··· The data
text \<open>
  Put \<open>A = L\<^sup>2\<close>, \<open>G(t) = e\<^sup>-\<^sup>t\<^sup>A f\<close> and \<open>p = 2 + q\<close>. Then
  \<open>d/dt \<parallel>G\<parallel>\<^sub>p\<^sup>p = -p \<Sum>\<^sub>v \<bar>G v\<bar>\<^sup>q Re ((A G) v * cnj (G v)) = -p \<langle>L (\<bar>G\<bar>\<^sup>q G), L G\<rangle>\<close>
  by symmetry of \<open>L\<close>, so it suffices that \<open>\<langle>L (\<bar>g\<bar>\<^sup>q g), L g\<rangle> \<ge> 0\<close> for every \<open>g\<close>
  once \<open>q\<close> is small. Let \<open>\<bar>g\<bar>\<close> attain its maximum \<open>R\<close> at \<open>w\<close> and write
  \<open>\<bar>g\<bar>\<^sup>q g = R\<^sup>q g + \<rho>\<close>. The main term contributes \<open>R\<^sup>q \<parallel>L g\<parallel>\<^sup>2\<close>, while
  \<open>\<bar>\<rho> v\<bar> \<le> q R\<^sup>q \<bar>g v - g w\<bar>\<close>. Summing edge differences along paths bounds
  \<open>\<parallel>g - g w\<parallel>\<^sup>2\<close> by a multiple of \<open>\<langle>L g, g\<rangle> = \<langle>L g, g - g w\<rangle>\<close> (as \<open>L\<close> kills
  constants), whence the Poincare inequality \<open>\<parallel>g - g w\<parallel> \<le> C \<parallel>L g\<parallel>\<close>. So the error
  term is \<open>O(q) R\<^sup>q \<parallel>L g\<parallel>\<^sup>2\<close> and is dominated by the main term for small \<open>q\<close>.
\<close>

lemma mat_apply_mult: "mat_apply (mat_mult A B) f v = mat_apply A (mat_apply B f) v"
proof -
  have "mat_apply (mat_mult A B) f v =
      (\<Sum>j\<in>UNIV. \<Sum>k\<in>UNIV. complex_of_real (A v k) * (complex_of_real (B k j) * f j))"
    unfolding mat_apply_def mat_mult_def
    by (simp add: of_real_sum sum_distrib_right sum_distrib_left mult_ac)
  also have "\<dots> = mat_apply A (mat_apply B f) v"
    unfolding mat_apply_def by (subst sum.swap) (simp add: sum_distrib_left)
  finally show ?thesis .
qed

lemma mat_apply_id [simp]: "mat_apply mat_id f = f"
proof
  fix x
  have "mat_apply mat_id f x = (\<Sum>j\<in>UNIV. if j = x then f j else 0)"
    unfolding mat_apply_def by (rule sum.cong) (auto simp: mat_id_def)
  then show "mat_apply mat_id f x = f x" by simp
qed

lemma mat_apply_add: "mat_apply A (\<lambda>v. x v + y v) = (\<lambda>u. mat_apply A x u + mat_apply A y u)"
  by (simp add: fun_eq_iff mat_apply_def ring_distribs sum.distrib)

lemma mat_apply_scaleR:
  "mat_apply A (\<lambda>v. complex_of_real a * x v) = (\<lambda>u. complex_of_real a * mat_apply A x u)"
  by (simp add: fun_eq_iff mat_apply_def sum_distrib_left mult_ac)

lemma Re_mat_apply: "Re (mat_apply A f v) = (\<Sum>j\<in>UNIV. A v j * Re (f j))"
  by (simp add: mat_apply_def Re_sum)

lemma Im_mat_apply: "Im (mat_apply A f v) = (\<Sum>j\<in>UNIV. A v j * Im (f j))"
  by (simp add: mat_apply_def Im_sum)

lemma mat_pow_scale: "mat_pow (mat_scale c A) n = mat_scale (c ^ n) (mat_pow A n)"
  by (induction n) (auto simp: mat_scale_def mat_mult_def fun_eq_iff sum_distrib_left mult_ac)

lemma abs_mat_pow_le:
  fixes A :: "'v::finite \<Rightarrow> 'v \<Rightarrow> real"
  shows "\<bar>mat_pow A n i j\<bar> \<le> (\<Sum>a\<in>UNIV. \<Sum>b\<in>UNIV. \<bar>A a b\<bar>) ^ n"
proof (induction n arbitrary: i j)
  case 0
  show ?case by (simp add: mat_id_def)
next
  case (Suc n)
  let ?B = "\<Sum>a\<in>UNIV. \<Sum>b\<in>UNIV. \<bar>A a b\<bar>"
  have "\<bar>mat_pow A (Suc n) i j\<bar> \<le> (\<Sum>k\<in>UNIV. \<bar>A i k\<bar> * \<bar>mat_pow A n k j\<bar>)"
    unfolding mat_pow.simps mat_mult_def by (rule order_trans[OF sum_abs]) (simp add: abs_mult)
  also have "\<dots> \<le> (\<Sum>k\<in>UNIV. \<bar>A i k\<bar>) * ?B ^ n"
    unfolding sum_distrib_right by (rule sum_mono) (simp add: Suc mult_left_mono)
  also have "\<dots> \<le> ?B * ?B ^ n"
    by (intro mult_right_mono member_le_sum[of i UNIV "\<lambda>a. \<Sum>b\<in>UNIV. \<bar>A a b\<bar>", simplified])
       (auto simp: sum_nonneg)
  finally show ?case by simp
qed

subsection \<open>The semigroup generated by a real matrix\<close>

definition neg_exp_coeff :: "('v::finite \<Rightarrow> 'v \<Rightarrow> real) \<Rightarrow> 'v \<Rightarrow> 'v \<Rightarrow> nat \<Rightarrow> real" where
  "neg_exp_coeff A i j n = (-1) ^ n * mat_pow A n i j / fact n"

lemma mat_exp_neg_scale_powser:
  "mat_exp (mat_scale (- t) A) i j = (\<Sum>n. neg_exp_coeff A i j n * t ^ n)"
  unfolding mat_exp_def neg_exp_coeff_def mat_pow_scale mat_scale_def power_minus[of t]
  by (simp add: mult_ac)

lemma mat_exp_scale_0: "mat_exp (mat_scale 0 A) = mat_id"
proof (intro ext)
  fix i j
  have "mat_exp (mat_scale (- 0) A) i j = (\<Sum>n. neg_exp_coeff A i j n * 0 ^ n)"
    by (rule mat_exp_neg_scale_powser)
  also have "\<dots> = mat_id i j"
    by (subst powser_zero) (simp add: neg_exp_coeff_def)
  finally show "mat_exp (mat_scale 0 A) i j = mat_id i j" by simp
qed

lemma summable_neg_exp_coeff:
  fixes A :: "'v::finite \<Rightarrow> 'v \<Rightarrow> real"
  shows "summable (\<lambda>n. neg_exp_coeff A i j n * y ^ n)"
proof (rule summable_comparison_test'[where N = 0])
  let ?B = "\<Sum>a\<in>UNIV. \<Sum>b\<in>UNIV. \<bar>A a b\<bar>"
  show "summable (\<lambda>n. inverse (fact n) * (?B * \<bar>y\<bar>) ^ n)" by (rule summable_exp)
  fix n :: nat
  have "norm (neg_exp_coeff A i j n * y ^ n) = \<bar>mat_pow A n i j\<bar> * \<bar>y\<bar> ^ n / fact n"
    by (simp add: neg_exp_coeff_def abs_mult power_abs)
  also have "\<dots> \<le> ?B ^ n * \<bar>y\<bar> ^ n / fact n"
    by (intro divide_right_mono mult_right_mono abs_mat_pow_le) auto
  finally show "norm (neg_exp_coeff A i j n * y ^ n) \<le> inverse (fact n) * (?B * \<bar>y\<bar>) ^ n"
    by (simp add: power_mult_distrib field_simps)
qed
······
··· The data
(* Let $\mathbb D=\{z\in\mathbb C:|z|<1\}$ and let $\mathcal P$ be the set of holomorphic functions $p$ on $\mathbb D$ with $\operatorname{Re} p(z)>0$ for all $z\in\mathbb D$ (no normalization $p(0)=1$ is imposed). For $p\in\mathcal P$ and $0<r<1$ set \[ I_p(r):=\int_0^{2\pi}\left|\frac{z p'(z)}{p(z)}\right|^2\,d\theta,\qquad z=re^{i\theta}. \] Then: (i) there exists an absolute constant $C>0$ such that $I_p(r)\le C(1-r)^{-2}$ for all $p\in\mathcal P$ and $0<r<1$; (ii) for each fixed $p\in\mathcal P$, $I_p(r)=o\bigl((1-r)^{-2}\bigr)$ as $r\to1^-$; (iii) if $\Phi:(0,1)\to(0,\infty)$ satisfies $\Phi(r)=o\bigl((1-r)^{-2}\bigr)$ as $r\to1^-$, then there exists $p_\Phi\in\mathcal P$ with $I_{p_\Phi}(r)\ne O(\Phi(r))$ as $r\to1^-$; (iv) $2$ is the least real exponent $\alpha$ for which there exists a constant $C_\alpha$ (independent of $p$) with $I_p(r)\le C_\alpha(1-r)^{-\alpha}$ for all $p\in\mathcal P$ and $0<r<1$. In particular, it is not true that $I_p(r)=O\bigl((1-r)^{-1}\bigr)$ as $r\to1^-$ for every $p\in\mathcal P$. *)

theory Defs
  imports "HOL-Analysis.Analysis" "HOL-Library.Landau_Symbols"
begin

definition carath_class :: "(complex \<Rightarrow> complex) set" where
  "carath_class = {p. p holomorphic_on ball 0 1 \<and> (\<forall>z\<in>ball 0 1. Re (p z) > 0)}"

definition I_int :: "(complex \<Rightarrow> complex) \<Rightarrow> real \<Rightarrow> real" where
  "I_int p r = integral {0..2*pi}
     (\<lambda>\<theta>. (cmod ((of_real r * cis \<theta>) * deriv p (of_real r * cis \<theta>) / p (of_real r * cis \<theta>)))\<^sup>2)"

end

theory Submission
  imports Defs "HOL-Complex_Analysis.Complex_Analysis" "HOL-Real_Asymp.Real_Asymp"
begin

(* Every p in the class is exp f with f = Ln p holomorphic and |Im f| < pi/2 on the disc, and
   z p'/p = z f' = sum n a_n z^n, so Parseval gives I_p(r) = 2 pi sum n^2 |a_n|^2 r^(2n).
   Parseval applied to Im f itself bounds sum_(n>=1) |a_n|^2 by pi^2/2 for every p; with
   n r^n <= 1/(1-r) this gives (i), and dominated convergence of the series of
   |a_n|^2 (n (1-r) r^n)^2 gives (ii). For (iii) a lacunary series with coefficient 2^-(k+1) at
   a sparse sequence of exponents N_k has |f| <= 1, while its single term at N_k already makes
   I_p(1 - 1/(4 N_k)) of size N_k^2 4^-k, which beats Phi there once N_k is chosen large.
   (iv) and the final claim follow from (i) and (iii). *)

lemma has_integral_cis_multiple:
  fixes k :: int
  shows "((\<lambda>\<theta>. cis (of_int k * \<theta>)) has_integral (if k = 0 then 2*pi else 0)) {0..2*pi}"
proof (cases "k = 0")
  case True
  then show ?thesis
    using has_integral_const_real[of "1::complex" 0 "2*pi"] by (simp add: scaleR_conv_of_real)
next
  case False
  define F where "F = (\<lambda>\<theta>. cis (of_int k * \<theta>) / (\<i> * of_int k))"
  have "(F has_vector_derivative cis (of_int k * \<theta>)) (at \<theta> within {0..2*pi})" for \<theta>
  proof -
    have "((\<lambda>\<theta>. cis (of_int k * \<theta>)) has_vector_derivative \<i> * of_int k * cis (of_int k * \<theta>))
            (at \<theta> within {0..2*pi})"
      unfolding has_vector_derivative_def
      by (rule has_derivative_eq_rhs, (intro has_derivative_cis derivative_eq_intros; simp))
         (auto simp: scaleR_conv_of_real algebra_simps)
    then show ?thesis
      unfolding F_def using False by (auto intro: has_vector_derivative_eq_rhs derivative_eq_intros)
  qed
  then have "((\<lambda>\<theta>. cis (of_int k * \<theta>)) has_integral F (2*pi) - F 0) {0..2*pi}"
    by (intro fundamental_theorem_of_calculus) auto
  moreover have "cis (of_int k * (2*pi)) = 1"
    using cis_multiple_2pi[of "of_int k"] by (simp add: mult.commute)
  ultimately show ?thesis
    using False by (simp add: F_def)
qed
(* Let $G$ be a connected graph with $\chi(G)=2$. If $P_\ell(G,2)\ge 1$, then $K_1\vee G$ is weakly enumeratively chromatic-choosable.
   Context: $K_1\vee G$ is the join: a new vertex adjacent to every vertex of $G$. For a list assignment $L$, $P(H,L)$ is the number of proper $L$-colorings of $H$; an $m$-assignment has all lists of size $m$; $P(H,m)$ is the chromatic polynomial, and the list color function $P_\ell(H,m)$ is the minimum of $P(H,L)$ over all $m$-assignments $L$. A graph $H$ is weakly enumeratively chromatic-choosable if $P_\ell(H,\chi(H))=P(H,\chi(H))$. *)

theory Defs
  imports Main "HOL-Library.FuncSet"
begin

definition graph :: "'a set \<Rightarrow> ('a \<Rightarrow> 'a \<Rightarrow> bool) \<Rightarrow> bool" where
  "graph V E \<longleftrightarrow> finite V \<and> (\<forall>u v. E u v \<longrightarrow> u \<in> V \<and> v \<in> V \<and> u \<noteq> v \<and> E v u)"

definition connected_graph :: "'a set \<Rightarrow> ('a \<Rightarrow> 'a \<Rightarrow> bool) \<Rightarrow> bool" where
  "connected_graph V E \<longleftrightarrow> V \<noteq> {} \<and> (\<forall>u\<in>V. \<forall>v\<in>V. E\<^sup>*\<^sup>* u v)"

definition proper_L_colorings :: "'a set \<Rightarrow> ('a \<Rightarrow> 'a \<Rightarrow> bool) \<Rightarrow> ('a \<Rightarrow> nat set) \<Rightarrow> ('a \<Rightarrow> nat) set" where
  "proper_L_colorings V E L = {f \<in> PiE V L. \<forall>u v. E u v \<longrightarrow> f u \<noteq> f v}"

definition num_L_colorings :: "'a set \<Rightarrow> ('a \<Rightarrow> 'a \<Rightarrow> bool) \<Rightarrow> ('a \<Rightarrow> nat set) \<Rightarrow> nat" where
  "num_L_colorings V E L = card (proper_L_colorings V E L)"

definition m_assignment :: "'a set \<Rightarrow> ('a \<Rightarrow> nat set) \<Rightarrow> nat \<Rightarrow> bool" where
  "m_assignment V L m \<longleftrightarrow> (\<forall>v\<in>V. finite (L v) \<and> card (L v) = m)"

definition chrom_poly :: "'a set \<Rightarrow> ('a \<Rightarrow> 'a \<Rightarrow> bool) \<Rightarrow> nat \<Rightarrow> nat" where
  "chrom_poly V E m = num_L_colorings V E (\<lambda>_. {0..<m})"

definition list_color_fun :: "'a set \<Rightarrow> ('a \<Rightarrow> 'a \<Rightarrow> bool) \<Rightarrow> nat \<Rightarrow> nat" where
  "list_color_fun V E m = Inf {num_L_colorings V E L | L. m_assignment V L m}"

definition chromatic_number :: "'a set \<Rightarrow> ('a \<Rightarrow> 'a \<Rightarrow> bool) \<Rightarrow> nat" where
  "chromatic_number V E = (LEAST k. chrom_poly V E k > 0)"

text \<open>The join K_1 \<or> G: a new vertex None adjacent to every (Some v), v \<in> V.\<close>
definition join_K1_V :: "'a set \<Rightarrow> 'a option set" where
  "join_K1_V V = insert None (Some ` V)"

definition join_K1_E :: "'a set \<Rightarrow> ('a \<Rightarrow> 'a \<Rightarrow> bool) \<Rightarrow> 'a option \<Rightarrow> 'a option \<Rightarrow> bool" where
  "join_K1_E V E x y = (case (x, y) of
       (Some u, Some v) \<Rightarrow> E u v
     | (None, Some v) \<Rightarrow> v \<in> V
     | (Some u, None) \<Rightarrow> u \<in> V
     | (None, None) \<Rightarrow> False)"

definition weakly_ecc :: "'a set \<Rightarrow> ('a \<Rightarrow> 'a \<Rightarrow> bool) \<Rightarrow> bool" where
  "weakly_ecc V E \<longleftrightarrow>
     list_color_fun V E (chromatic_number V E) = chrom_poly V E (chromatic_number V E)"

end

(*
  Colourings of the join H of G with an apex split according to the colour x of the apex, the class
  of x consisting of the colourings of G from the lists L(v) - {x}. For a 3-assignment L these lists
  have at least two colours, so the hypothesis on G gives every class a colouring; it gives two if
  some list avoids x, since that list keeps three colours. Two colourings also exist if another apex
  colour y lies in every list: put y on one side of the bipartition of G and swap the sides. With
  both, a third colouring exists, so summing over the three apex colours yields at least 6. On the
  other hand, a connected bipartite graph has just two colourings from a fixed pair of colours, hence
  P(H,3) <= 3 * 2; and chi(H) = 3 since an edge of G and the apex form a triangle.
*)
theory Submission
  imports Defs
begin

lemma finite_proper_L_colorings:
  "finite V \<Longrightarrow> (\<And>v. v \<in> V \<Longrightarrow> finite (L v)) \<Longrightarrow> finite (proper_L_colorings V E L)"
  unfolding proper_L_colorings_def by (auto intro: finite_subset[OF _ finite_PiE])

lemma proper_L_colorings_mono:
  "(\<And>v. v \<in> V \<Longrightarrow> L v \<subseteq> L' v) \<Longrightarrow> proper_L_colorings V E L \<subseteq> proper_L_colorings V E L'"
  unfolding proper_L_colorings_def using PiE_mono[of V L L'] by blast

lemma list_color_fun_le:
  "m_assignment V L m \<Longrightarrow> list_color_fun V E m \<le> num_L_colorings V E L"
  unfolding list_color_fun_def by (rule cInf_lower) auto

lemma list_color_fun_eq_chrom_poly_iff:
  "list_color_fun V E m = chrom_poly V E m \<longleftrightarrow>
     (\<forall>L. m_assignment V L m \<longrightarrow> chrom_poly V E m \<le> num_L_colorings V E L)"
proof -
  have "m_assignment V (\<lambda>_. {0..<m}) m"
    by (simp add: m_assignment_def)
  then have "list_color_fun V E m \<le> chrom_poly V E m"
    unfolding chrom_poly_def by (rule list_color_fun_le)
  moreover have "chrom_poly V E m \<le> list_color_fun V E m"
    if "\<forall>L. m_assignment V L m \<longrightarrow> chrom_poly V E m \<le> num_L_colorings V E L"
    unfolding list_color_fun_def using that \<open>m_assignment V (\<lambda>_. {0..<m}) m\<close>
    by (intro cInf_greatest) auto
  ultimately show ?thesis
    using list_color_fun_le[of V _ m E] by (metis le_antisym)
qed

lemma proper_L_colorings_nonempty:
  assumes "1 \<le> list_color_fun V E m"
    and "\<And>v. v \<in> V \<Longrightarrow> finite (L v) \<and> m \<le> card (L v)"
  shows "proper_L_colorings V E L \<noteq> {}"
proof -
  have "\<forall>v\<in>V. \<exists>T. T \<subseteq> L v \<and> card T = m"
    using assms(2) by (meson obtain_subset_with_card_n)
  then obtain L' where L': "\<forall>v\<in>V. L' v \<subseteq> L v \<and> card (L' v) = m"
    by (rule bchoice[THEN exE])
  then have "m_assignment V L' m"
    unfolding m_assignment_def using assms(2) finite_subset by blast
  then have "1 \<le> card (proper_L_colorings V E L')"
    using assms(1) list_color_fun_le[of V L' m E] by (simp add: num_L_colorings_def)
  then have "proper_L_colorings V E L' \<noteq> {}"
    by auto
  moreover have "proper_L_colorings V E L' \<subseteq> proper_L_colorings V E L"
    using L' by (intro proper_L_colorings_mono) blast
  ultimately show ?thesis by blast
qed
······
● Instructions for the task:
A complete answer gives every line of the data that includes "subst".

● Answer to this problem:
    unfolding mat_apply_def by (subst sum.swap) (simp add: sum_distrib_left)
    by (subst powser_zero) (simp add: neg_exp_coeff_def)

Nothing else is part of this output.